• **Your instructions**
Lines below that include "auto" are the answer; copy each one.

• **Study material**
(* A fuzzy subset $\mu$ of a fuzzy $\Gamma$-hypersemigroup $(M,\circ)$ is a fuzzy $\Gamma$-hyper interior ideal of $(M,\circ)$ if and only if $(\chi_M\circ\alpha\circ\mu)\circ\beta\circ\chi_M\subseteq\mu$ for all $\alpha,\beta\in\Gamma$.
   Context: $M,\Gamma$ are nonempty sets; a fuzzy subset of $M$ is a map $M\to[0,1]$. A fuzzy $\Gamma$-hyperoperation assigns to each $(a,\gamma,b)\in M\times\Gamma\times M$ a fuzzy subset $a\circ\gamma\circ b$. For $a\in M$ and fuzzy $\mu$: $(a\circ\gamma\circ\mu)(r)=\bigvee_{t\in M}((a\circ\gamma\circ t)(r)\wedge\mu(t))$ if $\mu\ne0$, else $0$; $(\mu\circ\gamma\circ a)(r)=\bigvee_{t\in M}(\mu(t)\wedge(t\circ\gamma\circ a)(r))$ if $\mu\ne0$, else $0$. For fuzzy $\mu,\nu$: $(\mu\circ\gamma\circ\nu)(t)=\bigvee_{p,q\in M}(\mu(p)\wedge(p\circ\gamma\circ q)(t)\wedge\nu(q))$. $(M,\circ)$ is a fuzzy $\Gamma$-hypersemigroup if $(a\circ\alpha\circ b)\circ\beta\circ c=a\circ\alpha\circ(b\circ\beta\circ c)$ for all $a,b,c\in M$, $\alpha,\beta\in\Gamma$. $\chi_M$ is the constant function $1$. For fuzzy sets, $\mu\subseteq\nu$ means $\mu(x)\le\nu(x)$ for all $x$. A fuzzy subset $\mu$ is a fuzzy $\Gamma$-hyper interior ideal if $(x\circ\alpha\circ\mu)\circ\beta\circ y\subseteq\mu$ for all $x,y\in M$, $\alpha,\beta\in\Gamma$. *)

theory Defs
  imports Main "HOL.Real"
begin

text \<open>The sets M and Gamma are rendered as the (nonempty) types 'm and 'g.
  Fuzzy subsets are real-valued maps with values in [0,1]; the supremum
  of a family of values in [0,1] is the real Sup.\<close>

definition fuzzy_subset :: "('m \<Rightarrow> real) \<Rightarrow> bool" where
  "fuzzy_subset \<mu> \<longleftrightarrow> (\<forall>x. 0 \<le> \<mu> x \<and> \<mu> x \<le> 1)"

definition chiM :: "'m \<Rightarrow> real" where
  "chiM = (\<lambda>_. 1)"

text \<open>A fuzzy Gamma-hyperoperation: hop a g b is the fuzzy subset a o g o b.\<close>
definition fuzzy_hyperop :: "('m \<Rightarrow> 'g \<Rightarrow> 'm \<Rightarrow> 'm \<Rightarrow> real) \<Rightarrow> bool" where
  "fuzzy_hyperop hop \<longleftrightarrow> (\<forall>a g b. fuzzy_subset (hop a g b))"

definition elem_fuzzy ::
  "('m \<Rightarrow> 'g \<Rightarrow> 'm \<Rightarrow> 'm \<Rightarrow> real) \<Rightarrow> 'm \<Rightarrow> 'g \<Rightarrow> ('m \<Rightarrow> real) \<Rightarrow> 'm \<Rightarrow> real" where
  "elem_fuzzy hop a g \<mu> r =
     (if \<mu> = (\<lambda>_. 0) then 0 else (SUP t. min (hop a g t r) (\<mu> t)))"

definition fuzzy_elem ::
  "('m \<Rightarrow> 'g \<Rightarrow> 'm \<Rightarrow> 'm \<Rightarrow> real) \<Rightarrow> ('m \<Rightarrow> real) \<Rightarrow> 'g \<Rightarrow> 'm \<Rightarrow> 'm \<Rightarrow> real" where
  "fuzzy_elem hop \<mu> g a r =
     (if \<mu> = (\<lambda>_. 0) then 0 else (SUP t. min (\<mu> t) (hop t g a r)))"

definition fuzzy_fuzzy ::
  "('m \<Rightarrow> 'g \<Rightarrow> 'm \<Rightarrow> 'm \<Rightarrow> real) \<Rightarrow> ('m \<Rightarrow> real) \<Rightarrow> 'g \<Rightarrow> ('m \<Rightarrow> real) \<Rightarrow> 'm \<Rightarrow> real" where
  "fuzzy_fuzzy hop \<mu> g \<nu> t =
     (SUP pq. min (\<mu> (fst pq)) (min (hop (fst pq) g (snd pq) t) (\<nu> (snd pq))))"

definition fuzzy_Gamma_hypersemigroup :: "('m \<Rightarrow> 'g \<Rightarrow> 'm \<Rightarrow> 'm \<Rightarrow> real) \<Rightarrow> bool" where
  "fuzzy_Gamma_hypersemigroup hop \<longleftrightarrow> fuzzy_hyperop hop \<and>
     (\<forall>a b c \<alpha> \<beta>. fuzzy_elem hop (hop a \<alpha> b) \<beta> c = elem_fuzzy hop a \<alpha> (hop b \<beta> c))"

definition fuzzy_subseteq :: "('m \<Rightarrow> real) \<Rightarrow> ('m \<Rightarrow> real) \<Rightarrow> bool" where
  "fuzzy_subseteq \<mu> \<nu> \<longleftrightarrow> (\<forall>x. \<mu> x \<le> \<nu> x)"

definition fuzzy_hyper_interior_ideal ::
  "('m \<Rightarrow> 'g \<Rightarrow> 'm \<Rightarrow> 'm \<Rightarrow> real) \<Rightarrow> ('m \<Rightarrow> real) \<Rightarrow> bool" where
  "fuzzy_hyper_interior_ideal hop \<mu> \<longleftrightarrow>
     (\<forall>x y \<alpha> \<beta>. fuzzy_subseteq (fuzzy_elem hop (elem_fuzzy hop x \<alpha> \<mu>) \<beta> y) \<mu>)"

end

theory Submission
  imports Defs
begin

text \<open>All values of the hyperoperation lie in [0,1], so every supremum in the compositions is
  bounded, and \<open>min (SUP i. f i) h \<le> c\<close> holds exactly when \<open>min (f i) h \<le> c\<close> holds for
  every \<open>i\<close>. Unfolding both sides of the equivalence in this way turns each into the same
  pointwise condition \<open>interior_bound\<close>: the factors \<open>\<chi>\<^sub>M = 1\<close> drop out since
  \<open>min 1 v = v\<close> on [0,1].\<close>

lemma min_cSUP_le_iff:
  fixes f :: "'i \<Rightarrow> 'a::conditionally_complete_linorder"
  assumes "bdd_above (range f)"
  shows "min (SUP i. f i) h \<le> c \<longleftrightarrow> (\<forall>i. min (f i) h \<le> c)"
proof (cases "h \<le> c")
  case False
  then show ?thesis using cSUP_le_iff[OF UNIV_not_empty assms] by (auto simp: min_le_iff_disj)
qed (simp add: min_le_iff_disj)

lemma fuzzy_hyperop_le_one: "fuzzy_hyperop hop \<Longrightarrow> hop a g b r \<le> 1"
  by (simp add: fuzzy_hyperop_def fuzzy_subset_def)

lemma elem_fuzzy_min_le_iff:
  assumes "fuzzy_hyperop hop" and "0 \<le> c"
  shows "min (elem_fuzzy hop a g \<mu> r) h \<le> c \<longleftrightarrow> (\<forall>t. min (min (hop a g t r) (\<mu> t)) h \<le> c)"
proof -
  have "bdd_above (range (\<lambda>t. min (hop a g t r) (\<mu> t)))"
    by (rule bdd_aboveI[of _ 1]) (auto simp: min_le_iff_disj fuzzy_hyperop_le_one[OF assms(1)])
  then show ?thesis
    using assms(2) by (cases "\<mu> = (\<lambda>_. 0)")
      (simp add: elem_fuzzy_def min_le_iff_disj, simp add: elem_fuzzy_def min_cSUP_le_iff)
qed

lemma fuzzy_elem_le_iff:
  assumes "fuzzy_hyperop hop" and "0 \<le> c"
  shows "fuzzy_elem hop \<nu> g a r \<le> c \<longleftrightarrow> (\<forall>t. min (\<nu> t) (hop t g a r) \<le> c)"
proof -
  have "bdd_above (range (\<lambda>t. min (\<nu> t) (hop t g a r)))"
    by (rule bdd_aboveI[of _ 1]) (auto simp: min_le_iff_disj fuzzy_hyperop_le_one[OF assms(1)])
  then show ?thesis
    using assms(2) by (cases "\<nu> = (\<lambda>_. 0)")
      (simp_all add: fuzzy_elem_def cSUP_le_iff min_le_iff_disj)
qed

lemma bdd_above_fuzzy_fuzzy_terms:
  assumes "fuzzy_hyperop hop"
  shows "bdd_above (range (\<lambda>pq. min (\<mu> (fst pq)) (min (hop (fst pq) g (snd pq) t) (\<nu> (snd pq)))))"
  by (rule bdd_aboveI[of _ 1]) (auto simp: min_le_iff_disj fuzzy_hyperop_le_one[OF assms])

lemma fuzzy_fuzzy_min_le_iff:
  assumes "fuzzy_hyperop hop"
  shows "min (fuzzy_fuzzy hop \<mu> g \<nu> t) h \<le> c \<longleftrightarrow>
    (\<forall>p q. min (min (\<mu> p) (min (hop p g q t) (\<nu> q))) h \<le> c)"
  by (simp add: fuzzy_fuzzy_def min_cSUP_le_iff[OF bdd_above_fuzzy_fuzzy_terms[OF assms]])

lemma fuzzy_fuzzy_le_iff:
  assumes "fuzzy_hyperop hop"
  shows "fuzzy_fuzzy hop \<mu> g \<nu> t \<le> c \<longleftrightarrow> (\<forall>p q. min (\<mu> p) (min (hop p g q t) (\<nu> q)) \<le> c)"
  by (simp add: fuzzy_fuzzy_def cSUP_le_iff[OF UNIV_not_empty bdd_above_fuzzy_fuzzy_terms[OF assms]])

definition interior_bound :: "('m \<Rightarrow> 'g \<Rightarrow> 'm \<Rightarrow> 'm \<Rightarrow> real) \<Rightarrow> ('m \<Rightarrow> real) \<Rightarrow> bool" where
  "interior_bound hop \<mu> \<longleftrightarrow>
     (\<forall>x \<alpha> q t \<beta> y z. min (min (hop x \<alpha> q t) (\<mu> q)) (hop t \<beta> y z) \<le> \<mu> z)"

lemma fuzzy_hyper_interior_ideal_iff_interior_bound:
  assumes "fuzzy_hyperop hop" and "fuzzy_subset \<mu>"
  shows "fuzzy_hyper_interior_ideal hop \<mu> \<longleftrightarrow> interior_bound hop \<mu>"
  using assms(2)
  by (simp add: fuzzy_hyper_interior_ideal_def interior_bound_def fuzzy_subseteq_def
      fuzzy_subset_def fuzzy_elem_le_iff[OF assms(1)] elem_fuzzy_min_le_iff[OF assms(1)]) blast

lemma chiM_composition_bounded_iff_interior_bound:
  assumes "fuzzy_hyperop hop"
  shows "(\<forall>\<alpha> \<beta>. fuzzy_subseteq (fuzzy_fuzzy hop (fuzzy_fuzzy hop chiM \<alpha> \<mu>) \<beta> chiM) \<mu>)
    \<longleftrightarrow> interior_bound hop \<mu>"
proof -
  have one: "min 1 (min (hop a g b r) v) = min (hop a g b r) v"
    "min (hop a g b r) 1 = hop a g b r" for a g b r v
    using fuzzy_hyperop_le_one[OF assms, of a g b r] by (simp_all add: min_absorb1 min_absorb2)
  show ?thesis
    by (simp add: fuzzy_subseteq_def interior_bound_def chiM_def one
        fuzzy_fuzzy_le_iff[OF assms] fuzzy_fuzzy_min_le_iff[OF assms]) blast
qed

theorem theorem4p16:
  fixes hop :: "'m \<Rightarrow> 'g \<Rightarrow> 'm \<Rightarrow> 'm \<Rightarrow> real" and \<mu> :: "'m \<Rightarrow> real"
  assumes "fuzzy_Gamma_hypersemigroup hop"
    and "fuzzy_subset \<mu>"
  shows "fuzzy_hyper_interior_ideal hop \<mu> \<longleftrightarrow>
    (\<forall>\<alpha> \<beta>. fuzzy_subseteq (fuzzy_fuzzy hop (fuzzy_fuzzy hop chiM \<alpha> \<mu>) \<beta> chiM) \<mu>)"
proof -
  have hop: "fuzzy_hyperop hop"
    using assms(1) by (simp add: fuzzy_Gamma_hypersemigroup_def)
  show ?thesis
    using fuzzy_hyper_interior_ideal_iff_interior_bound[OF hop assms(2)]
      chiM_composition_bounded_iff_interior_bound[OF hop] by simp
qed

end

• **Response to the exercise**
  then show ?thesis using cSUP_le_iff[OF UNIV_not_empty assms] by (auto simp: min_le_iff_disj)
    by (rule bdd_aboveI[of _ 1]) (auto simp: min_le_iff_disj fuzzy_hyperop_le_one[OF assms(1)])
    by (rule bdd_aboveI[of _ 1]) (auto simp: min_le_iff_disj fuzzy_hyperop_le_one[OF assms(1)])
  by (rule bdd_aboveI[of _ 1]) (auto simp: min_le_iff_disj fuzzy_hyperop_le_one[OF assms])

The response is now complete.